[DATA FOR REVIEW — start]

lemma pow_quotient_rad:
  assumes q: "quot_iso s t M Y (rep_pow (Delta s t i) d)" shows "rad (sp M) \<subseteq> Y i"
proof
  let ?N = "rep_pow (Delta s t i) d"
  obtain f where hom: "is_hom s t M ?N f" and img: "\<And>l. f l ` sp M l = sp ?N l"
    and ker: "\<And>l. {x \<in> sp M l. f l x = 0} = Y l"
    using q unfolding quot_iso_def by blast
  have lin: "lin_on (scl M) (scl ?N) (sp M i) (f i)" using hom unfolding is_hom_def by blast
  fix r assume "r \<in> rad (sp M)"
  then obtain x where x: "\<forall>a\<in>arrows_to_sink. x a \<in> sp M (s a)"
    and r: "r = (\<Sum>a\<in>arrows_to_sink. act M (Inl a) (x a))" by (rule radE)
  have terms: "act M (Inl a) (x a) \<in> sp M i" if "a \<in> arrows_to_sink" for a
    using arrow_in[of "x a" a] x that by (simp add: arrows_to_sink_def)
  have arrow_image: "f i (act M (Inl a) (x a)) = 0" if a: "a \<in> arrows_to_sink" for a
  proof -
    have "f (t a) (act M (Inl a) (x a)) = act ?N (Inl a) (f (s a) (x a))"
      using hom x a unfolding is_hom_def by (metis dsrc.simps(1) dtgt.simps(1))
    moreover have "f (s a) (x a) = 0"
      using img[of "s a"] pow_Delta_sink_other[OF sink, of "s a"] x a sink by blast
    ultimately show ?thesis using a by (simp add: pow_Delta_Inl_zero arrows_to_sink_def)
  qed
  have "f i r = (\<Sum>a\<in>arrows_to_sink. f i (act M (Inl a) (x a)))"
    unfolding r by (rule lin_sum[OF lin subspace_M finite]) (rule terms)
  also have "\<dots> = 0" using arrow_image by simp
  finally have "f i r = 0" .
  moreover have "r \<in> sp M i" unfolding r by (rule subspace_sum[OF subspace_M]) (simp_all add: terms)
  ultimately show "r \<in> Y i" using ker[of i] by blast
qed

lemma pow_quotient_coords:
  assumes q: "quot_iso s t M Y (rep_pow (Delta s t i) d)"
  shows "\<exists>h. quot_coords (scl M) (sp M i) (Y i) d h"
proof -
  let ?N = "rep_pow (Delta s t i) d"
  obtain f where hom: "is_hom s t M ?N f" and img: "\<And>l. f l ` sp M l = sp ?N l"
    and ker: "\<And>l. {x \<in> sp M l. f l x = 0} = Y l"
    using q unfolding quot_iso_def by blast
  have lin: "lin_on (scl M) (scl ?N) (sp M i) (f i)" using hom unfolding is_hom_def by blast
  have f_form: "f i x n p = 0" if "x \<in> sp M i" "\<not> (n < d \<and> p = [])" for x n p
    using img[of i] that pow_Delta_sink[OF sink] by blast
  define h where "h x = (\<lambda>n. if n < d then f i x n [] else 0)" for x
  have "quot_coords (scl M) (sp M i) (Y i) d h"
    unfolding quot_coords_def lin_on_def
  proof (intro conjI ballI allI)
    fix x y assume "x \<in> sp M i" "y \<in> sp M i"
    then show "h (x + y) = h x + h y" using lin_add[OF lin] by (simp add: h_def fun_eq_iff)
  next
    fix c x assume "x \<in> sp M i"
    then show "h (scl M c x) = (\<lambda>n. c * h x n)"
      using lin_scl[OF lin] by (simp add: h_def fun_eq_iff rep_pow_scl Delta_scl)
  next
    show "h ` sp M i = coords d"
    proof (intro equalityI subsetI)
      fix w :: "nat \<Rightarrow> 'k" assume w: "w \<in> coords d"
      have "(\<lambda>n p. if n < d \<and> p = [] then w n else 0) \<in> sp ?N i"
        by (simp add: pow_Delta_sink[OF sink])
      then have "(\<lambda>n p. if n < d \<and> p = [] then w n else 0) \<in> f i ` sp M i" by (simp only: img)
      then obtain x where x: "(\<lambda>n p. if n < d \<and> p = [] then w n else 0) = f i x" "x \<in> sp M i"
        by (rule imageE)
      have "h x = w" using x(1)[symmetric] w by (auto simp: h_def coords_def fun_eq_iff)
      then show "w \<in> h ` sp M i" using x(2) by blast
    qed (auto simp: h_def coords_def)
  next
    fix x assume x: "x \<in> sp M i"
    have "h x = 0 \<longleftrightarrow> f i x = 0"
    proof
      assume h0: "h x = 0"
      have "f i x n p = 0" for n p
      proof (cases "n < d \<and> p = []")
        case True
        then have "h x n = 0" using h0 by simp
        then show ?thesis using True by (simp add: h_def)
      qed (rule f_form[OF x])
      then show "f i x = 0" by (simp add: fun_eq_iff)
    qed (simp add: h_def fun_eq_iff)
    then show "h x = 0 \<longleftrightarrow> x \<in> Y i" using ker[of i] x by blast
  qed
  then show ?thesis by blast
qed

lemma pow_quotient_unique:
  assumes Y: "is_subrep s t M Y" and q: "quot_iso s t M Y (rep_pow (Delta s t i) d)"
    and g: "quot_coords (scl M) (sp M i) (rad (sp M)) d g"
  shows "Y = top_kernel"
proof
  fix l
  show "Y l = top_kernel l"
  proof (cases "l = i")
    case True
    obtain h where h: "quot_coords (scl M) (sp M i) (Y i) d h" using pow_quotient_coords[OF q] by blast
    have "Y i = rad (sp M)"
      by (rule quot_coords_kernel_unique[OF subspace_M subrep_subset[OF Y] pow_quotient_rad[OF q] g h])
    then show ?thesis using True by (simp add: top_kernel_def)
  qed (simp add: pow_quotient_off_sink[OF q] top_kernel_def)
qed

end

theorem mainTheorem11:
  fixes s t :: "'e::finite \<Rightarrow> 'v::finite"
    and M :: "('v, 'e, 'k::field, 'm::ab_group_add) rep"
    and i :: 'v
  assumes "alg_closed_type TYPE('k)"
    and "acyclic {(s a, t a) | a. True}"
    and "\<forall>a. s a \<noteq> i"
    and "is_D_module s t M"
    and "delta_filtered s t M"
    and "dimDelta s t M i > 0"
  shows "(\<exists>!Y. is_subrep s t M Y \<and>
                quot_iso s t M Y (rep_pow (Delta s t i) (dimDelta s t M i)))
       \<and> (\<forall>Y. is_subrep s t M Y \<and>
                quot_iso s t M Y (rep_pow (Delta s t i) (dimDelta s t M i))
              \<longrightarrow> delta_filtered s t (restrict M Y))"
proof -
  interpret sink_rep s t M i
    using assms(3,4) by unfold_locales (simp_all add: is_D_module_def)
  obtain n F js where F: "delta_filtration s t M n F js"
    and d: "dimDelta s t M i = length (filter (\<lambda>j. j = i) js)"
    using dimDelta_filtration[OF assms(5)] by blast
  obtain g where g: "quot_coords (scl M) (sp M i) (rad (sp M)) (dimDelta s t M i) g"
    using top_coords[OF F] d by auto
  have unique: "Y = top_kernel"
    if "is_subrep s t M Y \<and> quot_iso s t M Y (rep_pow (Delta s t i) (dimDelta s t M i))" for Y
    using pow_quotient_unique[OF _ _ g] that by blast
  have "is_subrep s t M top_kernel \<and> quot_iso s t M top_kernel (rep_pow (Delta s t i) (dimDelta s t M i))"
    using top_kernel_subrep quotient_by_top_kernel[OF g] by blast
  then show ?thesis using unique top_kernel_filtered[OF F] by blast
qed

[DATA FOR REVIEW — finish]

* **TASK DESCRIPTION**
Set down each entry exactly, leaving none out.

* **REPLY TO THE EXERCISE**
lemma pow_quotient_rad:
  assumes q: "quot_iso s t M Y (rep_pow (Delta s t i) d)" shows "rad (sp M) \<subseteq> Y i"
proof
  let ?N = "rep_pow (Delta s t i) d"
  obtain f where hom: "is_hom s t M ?N f" and img: "\<And>l. f l ` sp M l = sp ?N l"
    and ker: "\<And>l. {x \<in> sp M l. f l x = 0} = Y l"
    using q unfolding quot_iso_def by blast
  have lin: "lin_on (scl M) (scl ?N) (sp M i) (f i)" using hom unfolding is_hom_def by blast
  fix r assume "r \<in> rad (sp M)"
  then obtain x where x: "\<forall>a\<in>arrows_to_sink. x a \<in> sp M (s a)"
    and r: "r = (\<Sum>a\<in>arrows_to_sink. act M (Inl a) (x a))" by (rule radE)
  have terms: "act M (Inl a) (x a) \<in> sp M i" if "a \<in> arrows_to_sink" for a
    using arrow_in[of "x a" a] x that by (simp add: arrows_to_sink_def)
  have arrow_image: "f i (act M (Inl a) (x a)) = 0" if a: "a \<in> arrows_to_sink" for a
  proof -
    have "f (t a) (act M (Inl a) (x a)) = act ?N (Inl a) (f (s a) (x a))"
      using hom x a unfolding is_hom_def by (metis dsrc.simps(1) dtgt.simps(1))
    moreover have "f (s a) (x a) = 0"
      using img[of "s a"] pow_Delta_sink_other[OF sink, of "s a"] x a sink by blast
    ultimately show ?thesis using a by (simp add: pow_Delta_Inl_zero arrows_to_sink_def)
  qed
  have "f i r = (\<Sum>a\<in>arrows_to_sink. f i (act M (Inl a) (x a)))"
    unfolding r by (rule lin_sum[OF lin subspace_M finite]) (rule terms)
  also have "\<dots> = 0" using arrow_image by simp
  finally have "f i r = 0" .
  moreover have "r \<in> sp M i" unfolding r by (rule subspace_sum[OF subspace_M]) (simp_all add: terms)
  ultimately show "r \<in> Y i" using ker[of i] by blast
qed

lemma pow_quotient_coords:
  assumes q: "quot_iso s t M Y (rep_pow (Delta s t i) d)"
  shows "\<exists>h. quot_coords (scl M) (sp M i) (Y i) d h"
proof -
  let ?N = "rep_pow (Delta s t i) d"
  obtain f where hom: "is_hom s t M ?N f" and img: "\<And>l. f l ` sp M l = sp ?N l"
    and ker: "\<And>l. {x \<in> sp M l. f l x = 0} = Y l"
    using q unfolding quot_iso_def by blast
  have lin: "lin_on (scl M) (scl ?N) (sp M i) (f i)" using hom unfolding is_hom_def by blast
  have f_form: "f i x n p = 0" if "x \<in> sp M i" "\<not> (n < d \<and> p = [])" for x n p
    using img[of i] that pow_Delta_sink[OF sink] by blast
  define h where "h x = (\<lambda>n. if n < d then f i x n [] else 0)" for x
  have "quot_coords (scl M) (sp M i) (Y i) d h"
    unfolding quot_coords_def lin_on_def
  proof (intro conjI ballI allI)
    fix x y assume "x \<in> sp M i" "y \<in> sp M i"
    then show "h (x + y) = h x + h y" using lin_add[OF lin] by (simp add: h_def fun_eq_iff)
  next
    fix c x assume "x \<in> sp M i"
    then show "h (scl M c x) = (\<lambda>n. c * h x n)"
      using lin_scl[OF lin] by (simp add: h_def fun_eq_iff rep_pow_scl Delta_scl)
  next
    show "h ` sp M i = coords d"
    proof (intro equalityI subsetI)
      fix w :: "nat \<Rightarrow> 'k" assume w: "w \<in> coords d"
      have "(\<lambda>n p. if n < d \<and> p = [] then w n else 0) \<in> sp ?N i"
        by (simp add: pow_Delta_sink[OF sink])
      then have "(\<lambda>n p. if n < d \<and> p = [] then w n else 0) \<in> f i ` sp M i" by (simp only: img)
      then obtain x where x: "(\<lambda>n p. if n < d \<and> p = [] then w n else 0) = f i x" "x \<in> sp M i"
        by (rule imageE)
      have "h x = w" using x(1)[symmetric] w by (auto simp: h_def coords_def fun_eq_iff)
      then show "w \<in> h ` sp M i" using x(2) by blast
    qed (auto simp: h_def coords_def)
  next
    fix x assume x: "x \<in> sp M i"
    have "h x = 0 \<longleftrightarrow> f i x = 0"
    proof
      assume h0: "h x = 0"
      have "f i x n p = 0" for n p
      proof (cases "n < d \<and> p = []")
        case True
        then have "h x n = 0" using h0 by simp
        then show ?thesis using True by (simp add: h_def)
      qed (rule f_form[OF x])
      then show "f i x = 0" by (simp add: fun_eq_iff)
    qed (simp add: h_def fun_eq_iff)
    then show "h x = 0 \<longleftrightarrow> x \<in> Y i" using ker[of i] x by blast
  qed
  then show ?thesis by blast
qed

lemma pow_quotient_unique:
  assumes Y: "is_subrep s t M Y" and q: "quot_iso s t M Y (rep_pow (Delta s t i) d)"
    and g: "quot_coords (scl M) (sp M i) (rad (sp M)) d g"
  shows "Y = top_kernel"
proof
  fix l
  show "Y l = top_kernel l"
  proof (cases "l = i")
    case True
    obtain h where h: "quot_coords (scl M) (sp M i) (Y i) d h" using pow_quotient_coords[OF q] by blast
    have "Y i = rad (sp M)"
      by (rule quot_coords_kernel_unique[OF subspace_M subrep_subset[OF Y] pow_quotient_rad[OF q] g h])
    then show ?thesis using True by (simp add: top_kernel_def)
  qed (simp add: pow_quotient_off_sink[OF q] top_kernel_def)
qed

end

theorem mainTheorem11:
  fixes s t :: "'e::finite \<Rightarrow> 'v::finite"
    and M :: "('v, 'e, 'k::field, 'm::ab_group_add) rep"
    and i :: 'v
  assumes "alg_closed_type TYPE('k)"
    and "acyclic {(s a, t a) | a. True}"
    and "\<forall>a. s a \<noteq> i"
    and "is_D_module s t M"
    and "delta_filtered s t M"
    and "dimDelta s t M i > 0"
  shows "(\<exists>!Y. is_subrep s t M Y \<and>
                quot_iso s t M Y (rep_pow (Delta s t i) (dimDelta s t M i)))
       \<and> (\<forall>Y. is_subrep s t M Y \<and>
                quot_iso s t M Y (rep_pow (Delta s t i) (dimDelta s t M i))
              \<longrightarrow> delta_filtered s t (restrict M Y))"
proof -
  interpret sink_rep s t M i
    using assms(3,4) by unfold_locales (simp_all add: is_D_module_def)
  obtain n F js where F: "delta_filtration s t M n F js"
    and d: "dimDelta s t M i = length (filter (\<lambda>j. j = i) js)"
    using dimDelta_filtration[OF assms(5)] by blast
  obtain g where g: "quot_coords (scl M) (sp M i) (rad (sp M)) (dimDelta s t M i) g"
    using top_coords[OF F] d by auto
  have unique: "Y = top_kernel"
    if "is_subrep s t M Y \<and> quot_iso s t M Y (rep_pow (Delta s t i) (dimDelta s t M i))" for Y
    using pow_quotient_unique[OF _ _ g] that by blast
  have "is_subrep s t M top_kernel \<and> quot_iso s t M top_kernel (rep_pow (Delta s t i) (dimDelta s t M i))"
    using top_kernel_subrep quotient_by_top_kernel[OF g] by blast
  then show ?thesis using unique top_kernel_filtered[OF F] by blast
qed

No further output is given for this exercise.